→ **DATA RECORDS**

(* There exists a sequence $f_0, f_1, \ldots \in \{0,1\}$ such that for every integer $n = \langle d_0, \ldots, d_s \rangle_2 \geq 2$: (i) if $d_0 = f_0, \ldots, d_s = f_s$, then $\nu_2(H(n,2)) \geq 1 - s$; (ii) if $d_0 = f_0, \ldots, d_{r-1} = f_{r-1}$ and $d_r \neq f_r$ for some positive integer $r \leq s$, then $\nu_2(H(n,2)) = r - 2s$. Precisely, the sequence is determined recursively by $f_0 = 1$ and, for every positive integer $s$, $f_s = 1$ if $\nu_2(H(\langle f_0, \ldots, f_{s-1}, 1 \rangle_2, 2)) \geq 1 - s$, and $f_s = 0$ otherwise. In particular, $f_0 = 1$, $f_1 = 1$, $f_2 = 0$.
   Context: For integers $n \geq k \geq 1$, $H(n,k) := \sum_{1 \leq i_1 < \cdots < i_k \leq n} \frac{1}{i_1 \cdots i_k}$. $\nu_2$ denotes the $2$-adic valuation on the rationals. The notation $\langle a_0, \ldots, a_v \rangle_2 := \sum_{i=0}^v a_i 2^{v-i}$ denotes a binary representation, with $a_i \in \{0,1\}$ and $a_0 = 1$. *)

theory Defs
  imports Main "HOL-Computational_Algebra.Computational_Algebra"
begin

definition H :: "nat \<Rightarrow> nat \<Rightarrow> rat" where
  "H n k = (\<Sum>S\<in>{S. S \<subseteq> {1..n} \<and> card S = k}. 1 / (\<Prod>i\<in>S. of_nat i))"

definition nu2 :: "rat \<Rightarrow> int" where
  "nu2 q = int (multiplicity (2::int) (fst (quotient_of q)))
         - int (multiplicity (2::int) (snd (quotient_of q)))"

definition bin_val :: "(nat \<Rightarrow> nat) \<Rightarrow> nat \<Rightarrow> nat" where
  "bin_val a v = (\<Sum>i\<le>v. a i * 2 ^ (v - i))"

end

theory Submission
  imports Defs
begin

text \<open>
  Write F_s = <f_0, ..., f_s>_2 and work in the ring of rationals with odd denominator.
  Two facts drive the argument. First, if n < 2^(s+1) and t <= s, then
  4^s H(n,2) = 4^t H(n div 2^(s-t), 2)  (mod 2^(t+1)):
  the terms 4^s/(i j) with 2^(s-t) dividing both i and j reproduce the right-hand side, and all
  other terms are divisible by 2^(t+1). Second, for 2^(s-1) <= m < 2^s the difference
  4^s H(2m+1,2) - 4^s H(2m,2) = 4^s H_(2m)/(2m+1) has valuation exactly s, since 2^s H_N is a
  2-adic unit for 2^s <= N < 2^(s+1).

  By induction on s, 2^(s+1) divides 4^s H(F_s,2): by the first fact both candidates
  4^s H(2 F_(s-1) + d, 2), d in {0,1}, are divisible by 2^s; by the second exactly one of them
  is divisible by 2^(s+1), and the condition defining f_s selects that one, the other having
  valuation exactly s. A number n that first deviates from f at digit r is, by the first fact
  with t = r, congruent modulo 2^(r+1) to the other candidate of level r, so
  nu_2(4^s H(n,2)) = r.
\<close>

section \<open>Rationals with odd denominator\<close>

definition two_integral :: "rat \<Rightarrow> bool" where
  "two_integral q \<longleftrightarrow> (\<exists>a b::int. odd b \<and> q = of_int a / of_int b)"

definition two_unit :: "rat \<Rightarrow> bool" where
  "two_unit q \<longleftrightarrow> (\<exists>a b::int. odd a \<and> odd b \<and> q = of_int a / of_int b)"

→ **WORK ORDER**
List the lines of the records where "exactly" occurs.

→ **WRITTEN REPLY**
  4^s H(2m+1,2) - 4^s H(2m,2) = 4^s H_(2m)/(2m+1) has valuation exactly s, since 2^s H_N is a
  4^s H(2 F_(s-1) + d, 2), d in {0,1}, are divisible by 2^s; by the second exactly one of them
  valuation exactly s. A number n that first deviates from f at digit r is, by the first fact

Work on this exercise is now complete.